BOSTON, May 24, 2021 /PRNewswire/ — Starved of lithium-ion batteries and pumped storage sites, the stationary energy storage business is urgently looking for alternatives. See them in the new IDTechEx report, “Stationary Energy Storage Without Batteries: Grid, Microgrid, UPS, Trackside 2021-2041“.

Tesla now sells its Powerwall house battery only to those buying the full solar house and, like its competitors, it has delayed electric vehicle launches also due to battery shortage. Metals shortages are taking over from too few gigafactories as the primary impediment ongoing. Demand for electric vehicles and grid renewables storage is rocketing even before solar houses reach the tipping point and need tens of millions more. In addition, energy-independent smart cities need distributed energy storage for their ocean, wind, and ubiquitous solar power.

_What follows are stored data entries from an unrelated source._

text \<open>Term size strictly increases along causality, so it can stand in for the causal order.\<close>

lemma size_epre_less: "p \<in> epre e \<Longrightarrow> size p < size e"
proof (cases e)
  case (UTr t H)
  assume "p \<in> epre e"
  then have "p \<in> fset H"
    using UTr by simp
  then have "size p < (\<Sum>x\<in>fset H. Suc (size x))"
    using member_le_sum[of p "fset H" "\<lambda>x. Suc (size x)"] by simp
  also have "\<dots> \<le> size e"
    using UTr by (simp add: size_fset_simps)
  finally show ?thesis .
qed

lemma size_epost_greater: "p \<in> epost N e \<Longrightarrow> size e < size p"
  unfolding epost_def by auto

lemma epre_epost_disjoint: "epre e \<inter> epost N e = {}"
  using size_epre_less[of _ e] size_epost_greater[of _ N e] by (meson disjoint_iff less_asym)

lemma epost_fresh:
  assumes "e \<notin> C"
  shows "epost N e \<inter> (init_places m \<union> (\<Union>e'\<in>C. epost N e')) = {}"
  using assms by (force dest: hist_epost hist_init_places)

lemma unfold_simps [simp]:
  "trans (unfold N m) = {e. utr N m e}"
  "pre (unfold N m) = upre"
  "post (unfold N m) = upost N"
  "places (unfold N m) = {p. uplc N m p}"
  unfolding unfold_def by simp_all

inductive_cases utrE: "utr N m (UTr t H)"

lemma utrD:
  assumes "utr N m e"
  shows "fT e \<in> trans N" and "pre N (fT e) = image_mset fS (upre e)"
proof -
  obtain t H where e: "e = UTr t H"
    by (cases e)
  from assms have "t \<in> trans N" and "pre N t = image_mset fS (mset_set (fset H))"
    unfolding e by (auto elim: utrE)
  then show "fT e \<in> trans N" and "pre N (fT e) = image_mset fS (upre e)"
    using e by simp_all
qed

lemma epre_nonempty:
  assumes "wf_net N" and "utr N m e"
  shows "epre e \<noteq> {}"
  using assms utrD[OF assms(2)] unfolding wf_net_def upre_eq_mset_set by force

lemma epost_nonempty:
  assumes "wf_net N" and "utr N m e"
  shows "epost N e \<noteq> {}"
proof -
  obtain a where "a \<in># post N (fT e)"
    using assms utrD(1)[OF assms(2)] unfolding wf_net_def by blast
  then have "UPl a (Some e) 1 \<in> epost N e"
    by (simp add: mem_epost_iff)
  then show ?thesis
    by blast
qed

lemma fires_unfold_fold:
  assumes "fires (unfold N m) M e M'"
  shows "fires N (image_mset fS M) (fT e) (image_mset fS M')"
proof -
  obtain Y where e: "utr N m e" and "M = upre e + Y" "M' = upost N e + Y"
    using assms unfolding fires_def by auto
  then show ?thesis
    unfolding fires_def using utrD[OF e] by (auto simp: image_mset_fS_upost)
qed

lemma fires_unfold_mset_set_iff:
  assumes "finite A"
  shows "fires (unfold N m) (mset_set A) e M \<longleftrightarrow>
    utr N m e \<and> epre e \<subseteq> A \<and> M = upost N e + mset_set (A - epre e)"
  using fires_mset_set_iff[OF assms finite_epre, of "unfold N m" e] by (simp add: upre_eq_mset_set)

section \<open>Configurations and their cuts\<close>

definition config :: "('s, 't) net \<Rightarrow> 's multiset \<Rightarrow> ('s, 't) utrans set \<Rightarrow> bool" where
  "config N m C \<longleftrightarrow> finite C \<and> (\<forall>e\<in>C. utr N m e)
     \<and> (\<forall>e\<in>C. epre e \<subseteq> init_places m \<union> (\<Union>e'\<in>C. epost N e'))
     \<and> (\<forall>e1\<in>C. \<forall>e2\<in>C. e1 \<noteq> e2 \<longrightarrow> epre e1 \<inter> epre e2 = {})"

definition cut_places :: "('s, 't) net \<Rightarrow> 's multiset \<Rightarrow> ('s, 't) utrans set \<Rightarrow> ('s, 't) uplace set" where
  "cut_places N m C = (init_places m \<union> (\<Union>e\<in>C. epost N e)) - (\<Union>e\<in>C. epre e)"

lemma configD:
  assumes "config N m C"
  shows "finite C" and "e \<in> C \<Longrightarrow> utr N m e"
    and "e \<in> C \<Longrightarrow> epre e \<subseteq> init_places m \<union> (\<Union>e'\<in>C. epost N e')"
    and "e1 \<in> C \<Longrightarrow> e2 \<in> C \<Longrightarrow> e1 \<noteq> e2 \<Longrightarrow> epre e1 \<inter> epre e2 = {}"
  using assms unfolding config_def by blast+

lemma config_empty: "config N m {}"
  unfolding config_def by simp

lemma cut_places_empty: "cut_places N m {} = init_places m"
  unfolding cut_places_def by simp

lemma finite_cut_places: "config N m C \<Longrightarrow> finite (cut_places N m C)"
  unfolding config_def cut_places_def by simp

lemma uplc_cut_places:
  assumes "config N m C" and "p \<in> cut_places N m C"
  shows "uplc N m p"
proof (cases p)
  case (UPl a h i)
  consider "p \<in> init_places m" | e where "e \<in> C" "p \<in> epost N e"
    using assms(2) unfolding cut_places_def by blast
  then show ?thesis
  proof cases
    case 1
    then show ?thesis
      using UPl by (auto simp: mem_init_places_iff intro: uplc_utr.init)
  next
    case 2
    with configD(2)[OF assms(1)] have "utr N m e"
      by blast
    with 2 show ?thesis
      using UPl by (cases e) (auto simp: mem_epost_iff intro: uplc_utr.postp)
  qed
qed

Self-leakage makes lithium-ion batteries useless for the new requirement of 6-month storage season-to-season arising from all that cheap solar. Pumped storage cannot do it because it is busy with shorter-term needs. Alternative batteries are gaining traction and IDTechEx has a new report, “Redox Flow Batteries 2021-2031” which clarifies how they are succeeding, but more is needed.

Best non-battery options

The IDTechEx report, “Stationary Energy Storage Without Batteries: Grid, Microgrid, UPS, Trackside 2021-2041” scopes gravitational, compressed air, liquified air, thermal energy, li-ion capacitor and supercapacitor stationary energy storage and other options. See them used in uninterruptible power supplies, peak shaving, frequency correction, intermittency compensation, peak power delivery, voltage compensation, and pulse power. Add stationary kinetic energy recovery systems KERS, notably trackside tram and electric train recovery integrated with pulse starting. See the pick-and-mix options for each application. The same is true of distributed energy storage compared to massive grid storage both short-term and seasonal.

Raghu Das, CEO of IDTechEx, advises, “Battery-less stationary storage will surge to a $6.5 billion business in 2031 with much more beyond. Compressing air or lifting weights can win for the developing market for massive seasonal storage of solar power but there are subsets and other options. Electric train systems save 15% of their energy bill if 95% efficient supercapacitors grab train braking energy then surge it into trains leaving. Not batteries.”

Das observes that, “For electricity supply, see how there is scope for storing hydrogen for fuel cells, using flywheels, new lithium-ion supercapacitors, pseudocapacitors, thermal storage, liquifying or compressing air and so on. These non-battery solutions mostly involve no precious metals, toxins or explosions and the research pipeline of improvement is formidable. Many non-battery options are promised to reach half the levelized cost of storage of lithium-ion batteries. We determine which ones are believable.”

Billion-dollar companies emerging

The report is commercially oriented, serving all in the value chain by clarifying where the technology and demands are leading, the players, and the gaps in the market. It is researched by IDTechEx analysts worldwide, often at PhD level, and carrying out interviews in local languages. Many new infograms, pictures, diagrams, graphs, and ongoing 2021 news items make it both easily readable and up-to-date. A comprehensive glossary helps with the tortured jargon in this industry creating giant new manufacturers.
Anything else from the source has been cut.